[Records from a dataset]
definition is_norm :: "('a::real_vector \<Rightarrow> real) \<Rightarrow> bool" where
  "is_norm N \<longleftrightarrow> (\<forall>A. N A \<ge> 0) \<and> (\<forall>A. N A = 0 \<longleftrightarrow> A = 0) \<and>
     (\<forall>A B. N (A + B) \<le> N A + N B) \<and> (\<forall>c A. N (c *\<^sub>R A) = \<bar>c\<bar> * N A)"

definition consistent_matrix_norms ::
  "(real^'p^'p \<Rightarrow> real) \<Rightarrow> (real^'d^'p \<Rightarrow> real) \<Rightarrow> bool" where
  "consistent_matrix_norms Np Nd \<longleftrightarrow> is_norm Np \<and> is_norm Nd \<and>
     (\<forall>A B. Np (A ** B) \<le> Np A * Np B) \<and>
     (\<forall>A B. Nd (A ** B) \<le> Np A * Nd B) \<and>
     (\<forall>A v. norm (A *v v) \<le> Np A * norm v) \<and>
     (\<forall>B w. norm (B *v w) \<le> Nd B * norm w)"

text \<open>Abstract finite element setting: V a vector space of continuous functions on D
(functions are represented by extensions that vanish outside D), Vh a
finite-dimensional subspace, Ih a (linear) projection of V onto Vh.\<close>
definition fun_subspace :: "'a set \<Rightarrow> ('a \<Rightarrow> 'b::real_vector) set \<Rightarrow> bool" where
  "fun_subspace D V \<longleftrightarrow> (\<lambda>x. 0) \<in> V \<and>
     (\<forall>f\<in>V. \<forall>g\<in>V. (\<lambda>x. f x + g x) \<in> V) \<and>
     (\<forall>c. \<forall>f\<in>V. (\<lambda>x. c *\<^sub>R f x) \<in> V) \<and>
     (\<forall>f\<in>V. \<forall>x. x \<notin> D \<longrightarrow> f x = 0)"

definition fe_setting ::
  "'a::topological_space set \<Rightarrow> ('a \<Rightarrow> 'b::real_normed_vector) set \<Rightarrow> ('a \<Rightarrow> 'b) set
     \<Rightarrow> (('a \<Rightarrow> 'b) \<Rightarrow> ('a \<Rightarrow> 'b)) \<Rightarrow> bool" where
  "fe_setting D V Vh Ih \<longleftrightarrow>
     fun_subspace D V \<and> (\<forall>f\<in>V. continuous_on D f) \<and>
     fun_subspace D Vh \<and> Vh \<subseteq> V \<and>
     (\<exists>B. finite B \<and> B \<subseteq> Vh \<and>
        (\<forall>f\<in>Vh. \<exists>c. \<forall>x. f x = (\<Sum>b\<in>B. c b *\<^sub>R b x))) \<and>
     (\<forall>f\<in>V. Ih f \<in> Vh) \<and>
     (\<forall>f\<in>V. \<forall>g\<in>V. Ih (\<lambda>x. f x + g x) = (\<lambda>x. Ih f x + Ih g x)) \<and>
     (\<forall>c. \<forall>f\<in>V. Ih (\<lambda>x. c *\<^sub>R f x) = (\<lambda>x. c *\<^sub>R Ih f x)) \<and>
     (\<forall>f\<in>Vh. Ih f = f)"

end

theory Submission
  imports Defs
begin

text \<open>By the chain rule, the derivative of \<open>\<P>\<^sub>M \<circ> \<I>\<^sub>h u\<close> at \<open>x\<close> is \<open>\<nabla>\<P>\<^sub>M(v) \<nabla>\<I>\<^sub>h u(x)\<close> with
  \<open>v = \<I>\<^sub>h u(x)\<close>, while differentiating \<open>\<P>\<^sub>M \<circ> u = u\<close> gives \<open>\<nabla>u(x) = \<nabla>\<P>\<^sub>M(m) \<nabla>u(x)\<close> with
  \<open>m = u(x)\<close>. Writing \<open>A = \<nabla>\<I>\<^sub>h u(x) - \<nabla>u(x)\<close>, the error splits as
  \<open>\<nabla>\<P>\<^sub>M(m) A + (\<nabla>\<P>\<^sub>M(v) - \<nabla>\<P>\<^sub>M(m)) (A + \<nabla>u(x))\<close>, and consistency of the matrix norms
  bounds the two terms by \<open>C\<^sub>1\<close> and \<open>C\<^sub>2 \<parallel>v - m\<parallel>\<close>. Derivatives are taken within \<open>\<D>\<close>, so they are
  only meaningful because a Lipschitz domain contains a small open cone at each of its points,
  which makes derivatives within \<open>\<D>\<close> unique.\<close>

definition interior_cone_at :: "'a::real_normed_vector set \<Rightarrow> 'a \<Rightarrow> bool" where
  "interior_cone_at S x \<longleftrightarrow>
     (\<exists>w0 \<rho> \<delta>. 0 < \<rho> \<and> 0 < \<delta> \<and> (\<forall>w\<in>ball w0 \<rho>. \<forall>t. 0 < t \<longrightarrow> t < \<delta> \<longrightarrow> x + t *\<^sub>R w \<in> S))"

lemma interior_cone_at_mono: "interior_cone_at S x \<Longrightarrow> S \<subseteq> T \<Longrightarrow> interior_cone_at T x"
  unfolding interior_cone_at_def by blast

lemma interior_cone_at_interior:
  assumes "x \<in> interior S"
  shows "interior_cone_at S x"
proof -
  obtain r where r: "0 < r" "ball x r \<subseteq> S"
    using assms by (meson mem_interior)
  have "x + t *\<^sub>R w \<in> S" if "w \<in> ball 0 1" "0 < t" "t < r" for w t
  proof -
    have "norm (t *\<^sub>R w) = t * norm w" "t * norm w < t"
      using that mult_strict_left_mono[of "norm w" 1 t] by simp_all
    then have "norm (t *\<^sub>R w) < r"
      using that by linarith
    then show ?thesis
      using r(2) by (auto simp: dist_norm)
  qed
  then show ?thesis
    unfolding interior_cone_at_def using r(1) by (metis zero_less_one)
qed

• Problem to work on
Exact duplication is required for the lines above, from the line that contains "real) \<Rightarrow> (real^'d^'p" to the line that contains "(\<exists>B. finite B", inclusive; omit all others.

• Written answer
  "(real^'p^'p \<Rightarrow> real) \<Rightarrow> (real^'d^'p \<Rightarrow> real) \<Rightarrow> bool" where
  "consistent_matrix_norms Np Nd \<longleftrightarrow> is_norm Np \<and> is_norm Nd \<and>
     (\<forall>A B. Np (A ** B) \<le> Np A * Np B) \<and>
     (\<forall>A B. Nd (A ** B) \<le> Np A * Nd B) \<and>
     (\<forall>A v. norm (A *v v) \<le> Np A * norm v) \<and>
     (\<forall>B w. norm (B *v w) \<le> Nd B * norm w)"

text \<open>Abstract finite element setting: V a vector space of continuous functions on D
(functions are represented by extensions that vanish outside D), Vh a
finite-dimensional subspace, Ih a (linear) projection of V onto Vh.\<close>
definition fun_subspace :: "'a set \<Rightarrow> ('a \<Rightarrow> 'b::real_vector) set \<Rightarrow> bool" where
  "fun_subspace D V \<longleftrightarrow> (\<lambda>x. 0) \<in> V \<and>
     (\<forall>f\<in>V. \<forall>g\<in>V. (\<lambda>x. f x + g x) \<in> V) \<and>
     (\<forall>c. \<forall>f\<in>V. (\<lambda>x. c *\<^sub>R f x) \<in> V) \<and>
     (\<forall>f\<in>V. \<forall>x. x \<notin> D \<longrightarrow> f x = 0)"

definition fe_setting ::
  "'a::topological_space set \<Rightarrow> ('a \<Rightarrow> 'b::real_normed_vector) set \<Rightarrow> ('a \<Rightarrow> 'b) set
     \<Rightarrow> (('a \<Rightarrow> 'b) \<Rightarrow> ('a \<Rightarrow> 'b)) \<Rightarrow> bool" where
  "fe_setting D V Vh Ih \<longleftrightarrow>
     fun_subspace D V \<and> (\<forall>f\<in>V. continuous_on D f) \<and>
     fun_subspace D Vh \<and> Vh \<subseteq> V \<and>
     (\<exists>B. finite B \<and> B \<subseteq> Vh \<and>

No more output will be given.